(Collected data)

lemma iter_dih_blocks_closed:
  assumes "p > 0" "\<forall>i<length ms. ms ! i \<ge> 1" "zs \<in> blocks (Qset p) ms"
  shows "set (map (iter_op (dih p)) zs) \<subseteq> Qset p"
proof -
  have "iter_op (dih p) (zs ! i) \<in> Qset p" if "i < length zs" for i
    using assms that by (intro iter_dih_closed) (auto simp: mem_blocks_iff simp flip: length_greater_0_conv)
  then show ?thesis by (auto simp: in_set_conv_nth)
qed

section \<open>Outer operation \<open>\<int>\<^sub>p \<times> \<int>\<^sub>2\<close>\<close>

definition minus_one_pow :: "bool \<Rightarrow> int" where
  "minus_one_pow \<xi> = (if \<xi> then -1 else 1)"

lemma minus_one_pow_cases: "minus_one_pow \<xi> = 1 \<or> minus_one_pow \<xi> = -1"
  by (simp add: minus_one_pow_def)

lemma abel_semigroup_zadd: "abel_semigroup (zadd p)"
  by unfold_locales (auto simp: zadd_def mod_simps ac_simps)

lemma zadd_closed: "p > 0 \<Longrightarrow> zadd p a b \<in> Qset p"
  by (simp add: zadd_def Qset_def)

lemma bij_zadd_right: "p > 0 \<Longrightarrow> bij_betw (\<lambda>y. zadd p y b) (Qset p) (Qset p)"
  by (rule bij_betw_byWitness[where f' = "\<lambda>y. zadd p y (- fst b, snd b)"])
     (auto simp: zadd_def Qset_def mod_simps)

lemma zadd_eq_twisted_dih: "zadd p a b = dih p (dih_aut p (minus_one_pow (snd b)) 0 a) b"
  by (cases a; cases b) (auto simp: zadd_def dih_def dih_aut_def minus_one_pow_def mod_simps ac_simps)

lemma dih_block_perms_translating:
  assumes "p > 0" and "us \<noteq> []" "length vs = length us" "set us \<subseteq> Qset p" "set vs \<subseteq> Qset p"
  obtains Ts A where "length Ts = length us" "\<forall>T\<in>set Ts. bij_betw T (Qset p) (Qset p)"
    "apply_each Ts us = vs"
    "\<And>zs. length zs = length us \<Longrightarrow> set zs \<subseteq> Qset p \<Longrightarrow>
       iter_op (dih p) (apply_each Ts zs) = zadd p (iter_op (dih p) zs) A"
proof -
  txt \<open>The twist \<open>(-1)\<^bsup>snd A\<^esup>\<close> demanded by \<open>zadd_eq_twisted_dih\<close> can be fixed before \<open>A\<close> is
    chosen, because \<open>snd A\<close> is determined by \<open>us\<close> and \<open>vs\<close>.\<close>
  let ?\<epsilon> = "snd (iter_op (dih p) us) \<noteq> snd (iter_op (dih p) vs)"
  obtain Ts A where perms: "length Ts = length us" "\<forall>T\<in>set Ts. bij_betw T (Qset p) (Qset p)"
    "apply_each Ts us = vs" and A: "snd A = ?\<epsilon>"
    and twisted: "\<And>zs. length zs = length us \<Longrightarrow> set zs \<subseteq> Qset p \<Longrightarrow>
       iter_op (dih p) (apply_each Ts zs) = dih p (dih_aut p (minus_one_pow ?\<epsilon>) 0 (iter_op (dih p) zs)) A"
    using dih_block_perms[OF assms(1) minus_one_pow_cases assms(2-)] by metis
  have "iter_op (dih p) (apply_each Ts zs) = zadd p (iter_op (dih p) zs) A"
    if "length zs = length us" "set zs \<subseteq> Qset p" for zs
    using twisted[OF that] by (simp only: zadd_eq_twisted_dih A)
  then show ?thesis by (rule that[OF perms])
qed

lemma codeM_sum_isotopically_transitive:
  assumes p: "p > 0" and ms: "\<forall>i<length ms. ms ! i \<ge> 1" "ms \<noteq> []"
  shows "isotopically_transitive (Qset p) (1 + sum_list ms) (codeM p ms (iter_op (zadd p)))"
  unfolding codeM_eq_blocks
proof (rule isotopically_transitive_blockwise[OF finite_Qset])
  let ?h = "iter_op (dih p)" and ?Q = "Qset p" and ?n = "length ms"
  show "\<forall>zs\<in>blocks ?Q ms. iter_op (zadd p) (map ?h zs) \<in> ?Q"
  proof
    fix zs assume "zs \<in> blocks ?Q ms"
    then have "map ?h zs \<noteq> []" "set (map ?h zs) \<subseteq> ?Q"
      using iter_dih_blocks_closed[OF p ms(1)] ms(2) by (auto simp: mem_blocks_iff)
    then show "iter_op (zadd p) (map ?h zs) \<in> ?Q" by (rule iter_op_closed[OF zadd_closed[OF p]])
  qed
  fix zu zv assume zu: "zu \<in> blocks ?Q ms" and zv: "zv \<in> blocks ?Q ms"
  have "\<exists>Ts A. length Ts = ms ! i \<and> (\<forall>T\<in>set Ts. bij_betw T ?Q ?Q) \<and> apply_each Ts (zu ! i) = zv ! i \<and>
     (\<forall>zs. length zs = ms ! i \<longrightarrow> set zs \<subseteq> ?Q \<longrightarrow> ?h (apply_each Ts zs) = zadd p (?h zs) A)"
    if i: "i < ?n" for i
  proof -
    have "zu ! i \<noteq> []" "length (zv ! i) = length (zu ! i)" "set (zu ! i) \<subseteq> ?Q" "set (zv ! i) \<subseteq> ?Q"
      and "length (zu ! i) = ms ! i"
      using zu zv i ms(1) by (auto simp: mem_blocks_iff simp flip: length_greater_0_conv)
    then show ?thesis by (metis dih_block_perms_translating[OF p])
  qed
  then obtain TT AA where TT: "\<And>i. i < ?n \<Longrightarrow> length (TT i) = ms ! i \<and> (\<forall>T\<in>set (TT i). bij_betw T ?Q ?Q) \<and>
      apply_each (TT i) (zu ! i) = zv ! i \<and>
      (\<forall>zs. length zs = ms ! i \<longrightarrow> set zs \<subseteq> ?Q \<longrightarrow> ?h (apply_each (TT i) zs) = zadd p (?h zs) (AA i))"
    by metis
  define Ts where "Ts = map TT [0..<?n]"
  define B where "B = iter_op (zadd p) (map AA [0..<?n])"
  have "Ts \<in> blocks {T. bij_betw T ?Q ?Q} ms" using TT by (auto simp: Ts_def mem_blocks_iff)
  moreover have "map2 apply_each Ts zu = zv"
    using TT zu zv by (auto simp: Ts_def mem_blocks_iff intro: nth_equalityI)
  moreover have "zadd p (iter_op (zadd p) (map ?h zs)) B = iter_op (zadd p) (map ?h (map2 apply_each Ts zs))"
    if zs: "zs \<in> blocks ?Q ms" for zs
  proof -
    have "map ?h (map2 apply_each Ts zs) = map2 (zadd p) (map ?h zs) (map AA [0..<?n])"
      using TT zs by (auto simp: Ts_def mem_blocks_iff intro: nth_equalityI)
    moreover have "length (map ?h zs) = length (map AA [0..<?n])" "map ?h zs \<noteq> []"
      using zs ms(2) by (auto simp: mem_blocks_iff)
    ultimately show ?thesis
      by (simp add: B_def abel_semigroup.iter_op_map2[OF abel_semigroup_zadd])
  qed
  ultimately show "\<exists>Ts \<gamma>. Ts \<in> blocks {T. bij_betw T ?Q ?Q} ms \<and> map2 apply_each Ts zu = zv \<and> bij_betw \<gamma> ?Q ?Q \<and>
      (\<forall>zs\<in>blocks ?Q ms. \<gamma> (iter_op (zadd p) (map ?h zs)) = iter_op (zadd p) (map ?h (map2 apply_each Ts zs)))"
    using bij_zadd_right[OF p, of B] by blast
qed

▸ **WHAT IS EXPECTED**:
After identifying the lines above that contain "assumes", copy each one.

▸ **WORKED SOLUTION**:
  assumes "p > 0" "\<forall>i<length ms. ms ! i \<ge> 1" "zs \<in> blocks (Qset p) ms"
  assumes "p > 0" and "us \<noteq> []" "length vs = length us" "set us \<subseteq> Qset p" "set vs \<subseteq> Qset p"
  assumes p: "p > 0" and ms: "\<forall>i<length ms. ms ! i \<ge> 1" "ms \<noteq> []"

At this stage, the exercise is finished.